▶ EXERCISE BRIEF
Check every line of the entries for "fixes", and copy the lines that hold it.
BEGIN
lemma ext_expectation_offset_sum:
  fixes F :: "'i \<Rightarrow> 'a \<Rightarrow> real"
  assumes "prob_space M" and "finite I"
    and F: "\<And>l. l \<in> I \<Longrightarrow> F l \<in> borel_measurable M"
    and fin: "\<And>l. l \<in> I \<Longrightarrow> (\<integral>\<^sup>+\<omega>. ennreal (max (- F l \<omega>) 0) \<partial>M) < \<infinity>"
  shows "ext_expectation M (\<lambda>\<omega>. a + (\<Sum>l\<in>I. F l \<omega>)) =
     enn2ereal (ennreal (max a 0) + (\<Sum>l\<in>I. \<integral>\<^sup>+\<omega>. ennreal (max (F l \<omega>) 0) \<partial>M)) -
     enn2ereal (ennreal (max (- a) 0) + (\<Sum>l\<in>I. \<integral>\<^sup>+\<omega>. ennreal (max (- F l \<omega>) 0) \<partial>M))"
proof -
  have parts_sum: "ennreal (max b 0) + (\<Sum>l\<in>I. ennreal (max (V l) 0)) =
      ennreal (max b 0 + (\<Sum>l\<in>I. max (V l) 0))" for b and V :: "'i \<Rightarrow> real"
  proof -
    have "(\<Sum>l\<in>I. ennreal (max (V l) 0)) = ennreal (\<Sum>l\<in>I. max (V l) 0)"
      by (rule sum_ennreal) simp
    then show ?thesis
      by (subst ennreal_plus) (auto intro: sum_nonneg)
  qed
  define G where "G \<omega> = ennreal (max a 0) + (\<Sum>l\<in>I. ennreal (max (F l \<omega>) 0))" for \<omega>
  define H where "H \<omega> = ennreal (max (- a) 0) + (\<Sum>l\<in>I. ennreal (max (- F l \<omega>) 0))" for \<omega>
  have "ext_expectation M (\<lambda>\<omega>. a + (\<Sum>l\<in>I. F l \<omega>)) = enn2ereal (\<integral>\<^sup>+\<omega>. G \<omega> \<partial>M) - enn2ereal (\<integral>\<^sup>+\<omega>. H \<omega> \<partial>M)"
  proof (rule ext_expectation_eq_diff)
    show "(\<lambda>\<omega>. a + (\<Sum>l\<in>I. F l \<omega>)) \<in> borel_measurable M" "G \<in> borel_measurable M" "H \<in> borel_measurable M"
      unfolding G_def H_def using F by auto
    show "(\<integral>\<^sup>+\<omega>. H \<omega> \<partial>M) < \<infinity>"
      unfolding H_def using F fin \<open>finite I\<close>
      by (subst nn_integral_const_add_sum[OF assms(1)]) (auto simp: less_top[symmetric])
  next
    fix \<omega>
    define P where "P = (\<Sum>l\<in>I. max (F l \<omega>) 0)"
    define N where "N = (\<Sum>l\<in>I. max (- F l \<omega>) 0)"
    have "0 \<le> P" "0 \<le> N"
      unfolding P_def N_def by (auto intro: sum_nonneg)
    have sum_eq: "(\<Sum>l\<in>I. F l \<omega>) = P - N"
      unfolding P_def N_def sum_subtractf[symmetric] by (rule sum.cong) auto
    have GH: "G \<omega> = ennreal (max a 0 + P)" "H \<omega> = ennreal (max (- a) 0 + N)"
      unfolding G_def H_def P_def N_def by (rule parts_sum)+
    show "ennreal (max (a + (\<Sum>l\<in>I. F l \<omega>)) 0) + H \<omega> =
        G \<omega> + ennreal (max (- (a + (\<Sum>l\<in>I. F l \<omega>))) 0)"
      and "ennreal (max (- (a + (\<Sum>l\<in>I. F l \<omega>))) 0) \<le> H \<omega>"
      unfolding sum_eq GH using ennreal_parts_shift[OF \<open>0 \<le> P\<close> \<open>0 \<le> N\<close>, of a] by simp_all
  qed
  also have "\<dots> = enn2ereal (ennreal (max a 0) + (\<Sum>l\<in>I. \<integral>\<^sup>+\<omega>. ennreal (max (F l \<omega>) 0) \<partial>M)) -
     enn2ereal (ennreal (max (- a) 0) + (\<Sum>l\<in>I. \<integral>\<^sup>+\<omega>. ennreal (max (- F l \<omega>) 0) \<partial>M))"
    unfolding G_def H_def using F
    by (intro arg_cong2[where f = "\<lambda>x y. enn2ereal x - enn2ereal y"] nn_integral_const_add_sum[OF assms(1)]) auto
  finally show ?thesis .
qed

lemma nn_integral_comp_distr_eq:
  fixes g :: "'b::topological_space \<Rightarrow> ennreal"
  assumes "Z \<in> borel_measurable M" "Z' \<in> borel_measurable M" "distr M borel Z = distr M borel Z'"
    and "g \<in> borel_measurable borel"
  shows "(\<integral>\<^sup>+\<omega>. g (Z \<omega>) \<partial>M) = (\<integral>\<^sup>+\<omega>. g (Z' \<omega>) \<partial>M)"
  using assms by (simp add: nn_integral_distr[symmetric])

lemma ext_expectation_offset_sum_distr_eq:
  fixes Z Z' :: "'i \<Rightarrow> 'a \<Rightarrow> real" and u :: "'i \<Rightarrow> real \<Rightarrow> real"
  assumes "prob_space M" and "finite I"
    and Z: "\<And>l. Z l \<in> borel_measurable M" and Z': "\<And>l. Z' l \<in> borel_measurable M"
    and distr_eq: "\<And>l. distr M borel (Z l) = distr M borel (Z' l)"
    and u: "\<And>l. u l \<in> borel_measurable borel"
    and fin: "\<And>l. (\<integral>\<^sup>+\<omega>. ennreal (max (- u l (Z l \<omega>)) 0) \<partial>M) < \<infinity>"
  shows "ext_expectation M (\<lambda>\<omega>. a + (\<Sum>l\<in>I. u l (Z l \<omega>))) =
    ext_expectation M (\<lambda>\<omega>. a + (\<Sum>l\<in>I. u l (Z' l \<omega>)))"
proof -
  have parts_eq: "(\<integral>\<^sup>+\<omega>. ennreal (max (s * u l (Z l \<omega>)) 0) \<partial>M) =
      (\<integral>\<^sup>+\<omega>. ennreal (max (s * u l (Z' l \<omega>)) 0) \<partial>M)" for s l
    using u by (intro nn_integral_comp_distr_eq[OF Z Z' distr_eq, of "\<lambda>t. ennreal (max (s * u l t) 0)"]) simp
  have fin': "(\<integral>\<^sup>+\<omega>. ennreal (max (- u l (Z' l \<omega>)) 0) \<partial>M) < \<infinity>" for l
    using fin[of l] parts_eq[of "-1" l] by simp
  show ?thesis
    using parts_eq[of 1] parts_eq[of "-1"] u Z Z' fin fin'
    by (simp add: ext_expectation_offset_sum[OF assms(1,2)])
qed

definition single_deviation :: "('d \<Rightarrow> 'b) \<Rightarrow> ('d \<Rightarrow> 'b) \<Rightarrow> bool" where
  "single_deviation c x \<longleftrightarrow> (\<exists>i. x = c(i := x i))"

lemma single_deviation_increments:
  fixes \<phi> :: "('d::finite \<Rightarrow> real) \<Rightarrow> real"
  assumes "single_deviation c x"
  shows "\<phi> c + (\<Sum>l\<in>UNIV. \<phi> (c(l := x l)) - \<phi> c) = \<phi> x"
    and "max (- (\<phi> (c(l := x l)) - \<phi> c)) 0 \<le> max (- \<phi> x) 0 + \<bar>\<phi> c\<bar>"
proof -
  obtain i where i: "x = c(i := x i)"
    using assms unfolding single_deviation_def by blast
  have other: "c(l := x l) = c" if "l \<noteq> i" for l
    using that by (subst i) simp
  have "(\<Sum>l\<in>UNIV. \<phi> (c(l := x l)) - \<phi> c) = (\<Sum>l\<in>UNIV. if l = i then \<phi> x - \<phi> c else 0)"
    using other i[symmetric] by (intro sum.cong) auto
  then show "\<phi> c + (\<Sum>l\<in>UNIV. \<phi> (c(l := x l)) - \<phi> c) = \<phi> x"
    by simp
  show "max (- (\<phi> (c(l := x l)) - \<phi> c)) 0 \<le> max (- \<phi> x) 0 + \<bar>\<phi> c\<bar>"
    using other[of l] i[symmetric] by (cases "l = i") auto
qed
END
▶ THE ANSWER
  fixes F :: "'i \<Rightarrow> 'a \<Rightarrow> real"
  fixes g :: "'b::topological_space \<Rightarrow> ennreal"
  fixes Z Z' :: "'i \<Rightarrow> 'a \<Rightarrow> real" and u :: "'i \<Rightarrow> real \<Rightarrow> real"
  fixes \<phi> :: "('d::finite \<Rightarrow> real) \<Rightarrow> real"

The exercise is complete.